Prime Minister Christie was speaking at the December 21, 2012 commemoration ceremony on Blake Road and West Bay Street, to mark the 50th Anniversary of the visit of President Kennedy to The Bahamas as well as the signing of the Nassau Agreement .

“While the world was living in a state of transition from the order of the World Wars to a bipolar division of global hegemony, The Bahamas was undergoing its own internal political shift,” he said.

“The General Election of 1962 was the first election under universal suffrage, and we celebrated the 50th anniversary of women’s suffrage this past May. However, the victory of women’s suffrage was dampened by the anachronistic system of suffrage based on property ownership and gerrymandering.

“The nascent Progressive Liberal Party had won the popular vote, but the United Bahamian Party, composed of the landed, white Bahamian elites, swept to a clear majority of 18 seats out of 33 in the House of Assembly.”

The Prime Minister said that when President Kennedy emerged from one of the tense meetings with Macmillan, he noticed a group of young Bahamians with placards, peacefully occupying the space allotted to them by the Commissioner of Police.

President Kennedy walked over and asked them why were they  “demonstrating”.

Prime Minister Christie explained that the National Committee for Positive Action was a group of young, progressively minded individuals who felt the electoral system under which they carried out the highest of their civic duties was not designed to benefit the larger society.

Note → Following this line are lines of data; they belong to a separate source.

lemma bessel_identity:
  assumes u: "orthonormal_seq u" and A: "finite A" and x: "x \<in> l2"
  defines "c \<equiv> \<lambda>k. l2_inner x (u k)"
  shows "(l2_norm x)\<^sup>2 = (l2_norm (\<lambda>n. x n - vec_lincomb u A c n))\<^sup>2 + (\<Sum>k\<in>A. (cmod (c k))\<^sup>2)"
proof -
  define P where "P = vec_lincomb u A c"
  define z where "z = (\<lambda>n. x n - P n)"
  have P: "P \<in> l2" unfolding P_def using u A by (rule vec_lincomb_l2)
  have z: "z \<in> l2" unfolding z_def using x P by (rule l2_diff)
  have "l2_inner z (u k) = 0" if "k \<in> A" for k
  proof -
    have "l2_inner z (u k) = l2_inner x (u k) - l2_inner P (u k)"
      unfolding z_def by (rule l2_inner_diff_left[OF x P orthonormal_seq_l2[OF u]])
    then show ?thesis using that by (simp add: P_def c_def l2_inner_vec_lincomb_basis[OF u A])
  qed
  then have zP: "l2_inner z P = 0"
    unfolding P_def by (simp add: l2_inner_vec_lincomb_right[OF u A z])
  have "x = (\<lambda>n. z n + 1 * P n)" by (simp add: z_def)
  then have "Re (l2_inner x x) = Re (l2_inner z z) + Re (l2_inner P P)"
    using psd_form_expand[OF psd_form_l2_inner z P, of 1] zP by simp
  moreover have "Re (l2_inner P P) = (\<Sum>k\<in>A. (cmod (c k))\<^sup>2)"
    using l2_norm_vec_lincomb[OF u A, of c] l2_inner_self[OF P] by (simp add: P_def)
  ultimately show ?thesis
    using l2_inner_self[OF x] l2_inner_self[OF z] by (simp add: z_def P_def)
qed

lemma bessel_inequality:
  assumes u: "orthonormal_seq u" and A: "finite A" and x: "x \<in> l2"
  shows "(\<Sum>k\<in>A. (cmod (l2_inner x (u k)))\<^sup>2) \<le> (l2_norm x)\<^sup>2"
  using bessel_identity[OF u A x] by simp

lemma summable_square_coeffs:
  assumes u: "orthonormal_seq u" and x: "x \<in> l2"
  shows "summable (\<lambda>k. (cmod (l2_inner x (u k)))\<^sup>2)"
  by (rule summableI_nonneg_bounded[where x="(l2_norm x)\<^sup>2"]) (simp_all add: bessel_inequality[OF u _ x])

lemma coeffs_tendsto_zero:
  assumes u: "orthonormal_seq u" and x: "x \<in> l2"
  shows "(\<lambda>k. l2_inner x (u k)) \<longlonglongrightarrow> 0"
proof -
  have "(\<lambda>k. sqrt ((cmod (l2_inner x (u k)))\<^sup>2)) \<longlonglongrightarrow> sqrt 0"
    by (intro tendsto_real_sqrt summable_LIMSEQ_zero summable_square_coeffs[OF u x])
  then have "(\<lambda>k. norm (l2_inner x (u k))) \<longlonglongrightarrow> 0" by simp
  then show ?thesis by (rule tendsto_norm_zero_cancel)
qed

definition unit_vec :: "nat \<Rightarrow> vec" where
  "unit_vec m = (\<lambda>n. if n = m then 1 else 0)"

lemma unit_vec_l2: "unit_vec m \<in> l2"
proof -
  have "(\<lambda>n. (cmod (unit_vec m n))\<^sup>2) = (\<lambda>n. if n = m then 1 else 0)"
    by (auto simp: unit_vec_def)
  then show ?thesis unfolding l2_def by simp
qed

lemma l2_inner_unit_vec: "l2_inner (unit_vec m) y = cnj (y m)"
proof -
  have "(\<lambda>n. unit_vec m n * cnj (y n)) = (\<lambda>n. if n = m then cnj (y m) else 0)"
    by (auto simp: unit_vec_def)
  moreover have "(\<lambda>n. if n = m then cnj (y m) else 0) sums cnj (y m)" by (rule sums_single)
  ultimately show ?thesis unfolding l2_inner_def by (simp add: sums_iff)
qed

lemma orthonormal_seq_summable_column:
  "orthonormal_seq u \<Longrightarrow> summable (\<lambda>k. (cmod (u k n))\<^sup>2)"
  using summable_square_coeffs[OF _ unit_vec_l2, of u n] by (simp add: l2_inner_unit_vec)

lemma l2_pointwise_limit:
  fixes z :: "nat \<Rightarrow> vec" and w :: vec and r :: real
  assumes z: "\<And>M. z M \<in> l2"
    and lim: "\<And>n. (\<lambda>L. z L n) \<longlonglongrightarrow> w n"
    and cauchy: "\<And>L. M \<le> L \<Longrightarrow> (l2_norm (\<lambda>n. z M n - z L n))\<^sup>2 \<le> r"
  shows "(\<lambda>n. z M n - w n) \<in> l2" and "(l2_norm (\<lambda>n. z M n - w n))\<^sup>2 \<le> r"
proof -
  txt \<open>Fatou: partial sums of \<open>|z\<^sub>M - w|\<^sup>2\<close> are limits of those of \<open>|z\<^sub>M - z\<^sub>L|\<^sup>2\<close>.\<close>
  have partial: "(\<Sum>n<N. (cmod (z M n - w n))\<^sup>2) \<le> r" for N
  proof (rule LIMSEQ_le_const2)
    show "(\<lambda>L. \<Sum>n<N. (cmod (z M n - z L n))\<^sup>2) \<longlonglongrightarrow> (\<Sum>n<N. (cmod (z M n - w n))\<^sup>2)"
      by (intro tendsto_intros lim)
    have "(\<Sum>n<N. (cmod (z M n - z L n))\<^sup>2) \<le> r" if "M \<le> L" for L
    proof -
      have "(\<Sum>n<N. (cmod (z M n - z L n))\<^sup>2) \<le> (l2_norm (\<lambda>n. z M n - z L n))\<^sup>2"
        using l2_diff[OF z z, of M L]
        by (simp add: l2_norm_square l2_def sum_le_suminf)
      with cauchy[OF that] show ?thesis by linarith
    qed
    then show "\<exists>L0. \<forall>L\<ge>L0. (\<Sum>n<N. (cmod (z M n - z L n))\<^sup>2) \<le> r" by blast
  qed
  show l2: "(\<lambda>n. z M n - w n) \<in> l2"
    unfolding l2_def mem_Collect_eq by (rule summableI_nonneg_bounded[OF _ partial]) simp
  show "(l2_norm (\<lambda>n. z M n - w n))\<^sup>2 \<le> r"
    using partial l2 by (simp add: l2_norm_square l2_def suminf_le_const)
qed

lemma l2_inner_tendsto_left:
  assumes z: "\<And>M. z M \<in> l2" and w: "w \<in> l2" and v: "v \<in> l2"
    and lim: "(\<lambda>M. l2_norm (\<lambda>n. z M n - w n)) \<longlonglongrightarrow> 0"
  shows "(\<lambda>M. l2_inner (z M) v) \<longlonglongrightarrow> l2_inner w v"
proof -
  have "\<forall>M. cmod (l2_inner (z M) v - l2_inner w v) \<le> l2_norm (\<lambda>n. z M n - w n) * l2_norm v"
    using l2_inner_Cauchy_Schwarz[OF l2_diff[OF z w] v] l2_inner_diff_left[OF z w v] by simp
  moreover have "(\<lambda>M. l2_norm (\<lambda>n. z M n - w n) * l2_norm v) \<longlonglongrightarrow> 0"
    using tendsto_mult_left_zero[OF lim] by simp
  ultimately have "(\<lambda>M. l2_inner (z M) v - l2_inner w v) \<longlonglongrightarrow> 0"
    by (rule Lim_null_comparison[OF always_eventually])
  then show ?thesis by (simp add: LIM_zero_iff)
qed

lemma orthonormal_basis_expansion_tendsto:
  assumes u: "orthonormal_basis u" and x: "x \<in> l2"
  defines "c \<equiv> \<lambda>k. l2_inner x (u k)"
  shows "(\<lambda>M. l2_norm (\<lambda>n. x n - vec_lincomb u {..<M} c n)) \<longlonglongrightarrow> 0"
proof -
  have uo: "orthonormal_seq u" using u by (simp add: orthonormal_basis_def)
  define R where "R = (\<lambda>M. (\<Sum>k. (cmod (c k))\<^sup>2) - (\<Sum>k<M. (cmod (c k))\<^sup>2))"
  define z where "z = (\<lambda>M n. x n - vec_lincomb u {..<M} c n)"
  txt \<open>The residuals \<open>z\<^sub>M\<close> converge pointwise to \<open>w\<close>, and in norm by completeness of
    \<open>l2\<close>; \<open>w\<close> is orthogonal to every \<open>u\<^sub>j\<close>, hence zero because \<open>u\<close> is a basis.\<close>
  define w where "w = (\<lambda>n. x n - (\<Sum>k. c k * u k n))"
  have cs: "summable (\<lambda>k. (cmod (c k))\<^sup>2)" unfolding c_def using uo x by (rule summable_square_coeffs)
  have "R \<longlonglongrightarrow> 0" unfolding R_def using cs by (rule suminf_tail_tendsto_zero)
  then have sqrt_R: "(\<lambda>M. sqrt (R M)) \<longlonglongrightarrow> 0" using tendsto_real_sqrt by fastforce
  have z: "z M \<in> l2" for M unfolding z_def using x vec_lincomb_l2[OF uo] by (simp add: l2_diff)
  have lim: "(\<lambda>M. z M n) \<longlonglongrightarrow> w n" for n
    unfolding z_def w_def vec_lincomb_def
    using summable_mult_square_summable[OF cs orthonormal_seq_summable_column[OF uo]]
    by (intro tendsto_diff tendsto_const summable_LIMSEQ)
  have cauchy: "(l2_norm (\<lambda>n. z M n - z L n))\<^sup>2 \<le> R M" if "M \<le> L" for M L
  proof -
    have "(\<lambda>n. z M n - z L n) = vec_lincomb u {M..<L} c"
    proof
      fix n
      show "z M n - z L n = vec_lincomb u {M..<L} c n"
        using sum_diff_nat_ivl[of 0 M L "\<lambda>k. c k * u k n"] that
        by (simp add: z_def vec_lincomb_def atLeast0LessThan)
    qed
    then show ?thesis
      unfolding R_def using cs that by (simp add: l2_norm_vec_lincomb[OF uo] sum_le_suminf_tail)
  qed
  have d: "(\<lambda>n. z M n - w n) \<in> l2" "(l2_norm (\<lambda>n. z M n - w n))\<^sup>2 \<le> R M" for M
    using l2_pointwise_limit[where r="R M", OF z lim cauchy] by simp_all
  have "l2_norm (\<lambda>n. z M n - w n) \<le> sqrt (R M)" for M
    using d(2) by (rule real_le_rsqrt)
  then have z_w: "(\<lambda>M. l2_norm (\<lambda>n. z M n - w n)) \<longlonglongrightarrow> 0"
    by (intro tendsto_sandwich[OF _ _ tendsto_const sqrt_R] always_eventually allI l2_norm_nonneg d(1))
  have w: "w \<in> l2" using l2_diff[OF z[of 0] d(1)[of 0]] by simp
  have "l2_inner w (u j) = 0" for j
  proof -
    have "\<forall>\<^sub>F M in sequentially. l2_inner (z M) (u j) = 0"
      unfolding eventually_sequentially
      using l2_inner_diff_left[OF x vec_lincomb_l2[OF uo] orthonormal_seq_l2[OF uo]]
      by (intro exI[of _ "Suc j"]) (simp add: z_def c_def l2_inner_vec_lincomb_basis[OF uo])
    then have "(\<lambda>M. l2_inner (z M) (u j)) \<longlonglongrightarrow> 0" by (rule tendsto_eventually)
    then show ?thesis
      using l2_inner_tendsto_left[OF z w orthonormal_seq_l2[OF uo] z_w] LIMSEQ_unique by blast
  qed
  then have "w = (\<lambda>n. 0)" using u w unfolding orthonormal_basis_def by blast
  then show ?thesis using z_w by (simp add: z_def)
qed

section \<open>Forms with summable diagonal\<close>

lemma form_seminorm_le_expansion:
  assumes B: "psd_form B" and bound: "\<And>z. z \<in> l2 \<Longrightarrow> Re (B z z) \<le> K * (l2_norm z)\<^sup>2"
    and u: "orthonormal_seq u" and A: "finite A" and x: "x \<in> l2"
  shows "form_seminorm B x \<le> (\<Sum>k\<in>A. cmod (c k) * form_seminorm B (u k))
           + sqrt K * l2_norm (\<lambda>n. x n - vec_lincomb u A c n)"
proof -
  define P where "P = vec_lincomb u A c"
  define z where "z = (\<lambda>n. x n - P n)"
  have P: "P \<in> l2" unfolding P_def using u A by (rule vec_lincomb_l2)
  have z: "z \<in> l2" unfolding z_def using x P by (rule l2_diff)
  have "form_seminorm B x \<le> form_seminorm B P + form_seminorm B z"
    using form_seminorm_add[OF B P z] by (simp add: z_def)
  moreover have "form_seminorm B P \<le> (\<Sum>k\<in>A. cmod (c k) * form_seminorm B (u k))"
    using form_seminorm_sum[OF B A, of "\<lambda>k n. c k * u k n"] A
    by (simp add: P_def vec_lincomb_def l2_scale orthonormal_seq_l2[OF u]
        form_seminorm_scale[OF B orthonormal_seq_l2[OF u]])
  moreover have "form_seminorm B z \<le> sqrt K * l2_norm z"
    using real_sqrt_le_mono[OF bound[OF z]] by (simp add: form_seminorm_def real_sqrt_mult l2_norm_nonneg[OF z])
  ultimately show ?thesis by (simp add: z_def P_def)
qed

“They were demonstrating the inequality and inequity of the electoral system under which they had to abide as a British colony.  President Kennedy abandoned protocol and his security detail and spoke with them a while, and then invited five of them to lunch with him.”

The Prime Minister said, “The political implications of such a gesture were great and transcended borders.  While the struggle for civil rights raged in the United States, President Kennedy had lunch with future black leaders of The Bahamas, including a young Sir Arthur Foulkes, our Governor-General.

“While the UBP and the elites of Bahamian society looked down upon them, one of the most powerful men, if not, the most powerful man in the world, sat down and shared a table and conversation with them.”

Prime Minister Christie said it is said that following President Kennedy’s planting of the tree on the corner, the President said he would return in five years to see how it had grown.

“Unfortunately, as history tells us, this was not to be.  But we mark this 50th anniversary of the visit of a fine man and a bold President, hoping that he has seen not only how his tree has grown, but how the relations between the United States and the United Kingdom have grown deeper and firmer through years of coordinated action, and how the relations between United States and The Bahamas have grown ever deeper since our independence, as we have asserted ourselves, often in step, regionally and internationally.”